Top-tier names also attract top-tier funding. CEO of SoftBank Masayoshi’s son It is reportedly considering pumping $1 billion into the project.
The mysterious device has not been officially announced yet, however Altman told Salesforce CEO Marc Benioff That it will soon be “unreasonable not to integrate intelligence into every product and service.”
a Game of Thrones battle for AI dominance
Given the capabilities of AI, some technology experts believe that AI-powered personal devices could be the successor technology to the iPhone and become the new computing device we use in our daily lives.
like brad stone, The author of two books about Jeff Bezos and Amazon, recently said: “More than 15 years after the introduction of the iPhone, ChatGPT and other generative AI services may soon form the basis for a new kind of device and a very different kind of device.” Interaction between humans and computers.”
Technology leaders may be betting big on AI hardware, in part because the hardware could play a “key role” in the evolution of AI, said Dan Ives, a technology analyst at Wedbush Securities.
“Altman, Nadella, Zuckerberg, Cook and Jassy all know that the devices will be a gateway to consumer AI technology,” Ives told Insider. “Software is the hearts and lungs of AI while hardware is the arms and legs.”
In fact, Ives believes it’s “now or never” that big tech companies must capitalize on the AI arms race because the “Game of Thrones battle for AI dominance” is already “catalysing major investments, partnerships, and product launches.”
The year 2024 is expected to be the year of the “launching pad” for artificial intelligence.
Getting people off their iPhones is going to be tough
But others are more skeptical about whether AI devices could one day become as popular and revolutionary as the iPhone.
“Personally, I don’t find it likely that a separate class of AI devices will survive in the long term,” said Thomas Hay, a professor at the University of Wisconsin-Milwaukee, who researches the history of the technology and co-authored a paper.
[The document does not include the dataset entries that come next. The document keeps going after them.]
lemma coeff_0_char_poly:
  assumes "A \<in> carrier_mat n n"
  shows "coeff (char_poly A) 0 = (-1) ^ n * det (A :: 'a::comm_ring_1 mat)"
proof -
  have "coeff (char_poly A) 0 = poly (char_poly A) 0"
    by (simp add: poly_0_coeff_0)
  also have "\<dots> = det ((-1) \<cdot>\<^sub>m A)"
    unfolding char_poly_def using assms
    by (intro poly_det_cong[of _ n]) (auto simp: char_poly_matrix_def)
  also have "\<dots> = (-1) ^ n * det A"
    using assms by simp
  finally show ?thesis .
qed

lemma lin_rec_powers_of_root:
  fixes f :: "int poly" and z :: "'a::{comm_ring_1, ring_char_0}"
  assumes "degree f = n" and "coeff f n = 1" and "poly (map_poly of_int f) z = 0"
  shows "lin_rec (\<lambda>i. - coeff f i) n (\<lambda>m. z ^ m)"
  unfolding lin_rec_def
proof
  fix m
  have "degree (map_poly (of_int :: int \<Rightarrow> 'a) f) = n"
    using assms(1,2) by (simp add: degree_map_poly)
  hence "0 = (\<Sum>i\<le>n. of_int (coeff f i) * z ^ i)"
    using assms(3) by (simp add: poly_altdef coeff_map_poly)
  also have "\<dots> = (\<Sum>i<n. of_int (coeff f i) * z ^ i) + z ^ n"
    using assms(2) by (simp add: lessThan_Suc_atMost[symmetric])
  finally have "z ^ n = (\<Sum>i<n. of_int (- coeff f i) * z ^ i)"
    by (simp add: sum_negf eq_neg_iff_add_eq_0 add.commute)
  from arg_cong[OF this, of "\<lambda>x. z ^ m * x"]
  show "z ^ (m + n) = (\<Sum>i<n. of_int (- coeff f i) * z ^ (m + i))"
    by (simp add: power_add sum_distrib_left ac_simps)
qed

text \<open>A complex eigenvalue \<open>z\<close> of \<open>A\<close> gives the solution \<open>z^m\<close>; if \<open>u\<close> had an exact period
  \<open>T\<close>, so would every solution, forcing \<open>z^T = 1\<close>.\<close>
lemma induced_lrs_not_periodic:
  assumes A: "A \<in> carrier_mat n n" and "n \<ge> 1" and "ergodic_toral A" and "T > 0"
  shows "\<exists>m. induced_lrs A (m + T) \<noteq> induced_lrs A m"
proof (rule ccontr)
  assume "\<not> ?thesis"
  hence periodic: "induced_lrs A (m + T) = induced_lrs A m" for m
    by simp
  define B where "B = map_mat (of_int :: int \<Rightarrow> complex) A"
  have B: "B \<in> carrier_mat n n"
    using A unfolding B_def by simp
  obtain zs where zs: "char_poly B = (\<Prod>a\<leftarrow>zs. [:- a, 1:])" "length zs = n"
    using char_poly_factorized[OF B] by blast
  define z where "z = hd zs"
  have "z \<in> set zs"
    using zs(2) \<open>n \<ge> 1\<close> unfolding z_def by (cases zs) auto
  hence root: "poly (char_poly B) z = 0"
    unfolding zs(1) by (auto simp: poly_prod_list prod_list_zero_iff)
  have "char_poly B = map_poly of_int (char_poly A)"
    unfolding B_def by (rule of_int_hom.char_poly_hom[OF A])
  hence rec_z: "lin_rec (\<lambda>i. - coeff (char_poly A) i) n (\<lambda>m. z ^ m)"
    using root degree_monic_char_poly[OF A] by (intro lin_rec_powers_of_root) auto
  have "period_mod (\<lambda>m. complex_of_int (lrs (\<lambda>i. - coeff (char_poly A) i) n m)) 0 T"
    using periodic A unfolding period_mod_def induced_lrs_def by simp
  from period_mod_lin_rec[OF this rec_z \<open>n \<ge> 1\<close>] have "z ^ T = 1"
    unfolding period_mod_def by (drule_tac x = 0 in spec) simp
  moreover have "eigenvalue B z"
    using eigenvalue_root_char_poly[OF B] root by simp
  ultimately show False
    using assms(3) \<open>T > 0\<close> unfolding ergodic_toral_def B_def by blast
qed

theorem lemma2p10:
  fixes A :: "int mat" and n p :: nat
  assumes "A \<in> carrier_mat n n" and "n \<ge> 1"
    and "ergodic_toral A"
    and "prime p" and "odd p"
    and "coprime (int p) (det A)"
  shows "\<exists>t::nat.
           (\<forall>k\<in>{1..t}. min_period_mod (induced_lrs A) (int p ^ k) =
                        min_period_mod (induced_lrs A) (int p)) \<and>
           (\<forall>k>t. min_period_mod (induced_lrs A) (int p ^ k) =
                        p ^ (k - t) * min_period_mod (induced_lrs A) (int p))"
proof -
  define c where "c i = - coeff (char_poly A) i" for i
  have u: "induced_lrs A = lrs c n"
    unfolding induced_lrs_def c_def using assms(1) by simp
  have "coprime (c 0) (int p ^ k)" for k
    using assms(6) unfolding c_def coeff_0_char_poly[OF assms(1)] by (simp add: coprime_commute)
  hence periods: "\<exists>T>0. period_mod (lrs c n) (int p ^ k) T" for k
    using assms(4) by (intro period_mod_exists[OF lin_rec_lrs assms(2)]) (auto simp: prime_gt_0_nat)
  define T\<^sub>1 where "T\<^sub>1 = min_period_mod (lrs c n) (int p)"
  have "T\<^sub>1 > 0" and "period_mod (lrs c n) (int p) T\<^sub>1"
    using min_period_mod_pos[OF periods[of 1]] period_mod_min_period_mod[OF periods[of 1]]
    unfolding T\<^sub>1_def by simp_all
  moreover have "int p > 1"
    using prime_gt_1_nat[OF assms(4)] by simp
  ultimately obtain t where "t \<ge> 1" and "period_mod (lrs c n) (int p ^ t) T\<^sub>1"
      and "\<not> period_mod (lrs c n) (int p ^ (t + 1)) T\<^sub>1"
    using period_mod_exact_power induced_lrs_not_periodic[OF assms(1-3)] unfolding u by blast
  hence "period_mod (lrs c n) (int p ^ (t + j)) (p ^ j * T\<^sub>1) \<and>
         \<not> period_mod (lrs c n) (int p ^ (t + j + 1)) (p ^ j * T\<^sub>1)" for j
    by (intro lrs_period_lift_iterate[OF assms(2,5)])
  thus ?thesis
    using min_period_mod_prime_power[OF assms(4) periods] unfolding u T\<^sub>1_def by blast
qed

end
The 2021 book is titled “A New History of Modern Computing.”
AI is “more branding than anything else” — a marketing tactic, he told Insider, that companies have historically used to raise money and promote research — and iPhone users may continue to stick with the already established tool as Apple develops new iterations of the iPhone with… Artificial intelligence features.
“Siri has been one of the core capabilities of the iPhone for a long time, and local speech processing and other AI-branded activities have applications that have justified the need for annual smartphone hardware upgrades for several years now,” Hay said. “Therefore, in the short term, the AI trend seems likely to enhance smartphone dominance.”
Although the “smaller, lighter, more energy-efficient technologies” behind smartphones have “opened up other product opportunities” such as smartwatches with fitness tracking capabilities, he believes personal AI devices will fail several times before they “succeed.” the end”. “Because some wearables, like Google Glass, fail.
Ives, the technology analyst, agrees with Hay. Although he said that AI hardware innovations represent “the golden goose for technology players in the next decade along with software,” he does not believe all of them will be successful.
However, despite the impressive AI capabilities, Hai said that smartphones may still be easier for the average consumer to use than AI devices, meaning that personal AI devices may take some time to gain public interest.
After all, there is a ChatGPT app available for iPhone and Android.
“Honestly, carrying a phone is not a burden, and there will still be a lot of things that will be easier to do than using glasses, a watch, or an earpiece — no matter how much AI dust you throw on them,” Hay said.
“I’d give smartphone mainstream dominance at least another decade.”
Watch now: Popular videos from Insider Inc.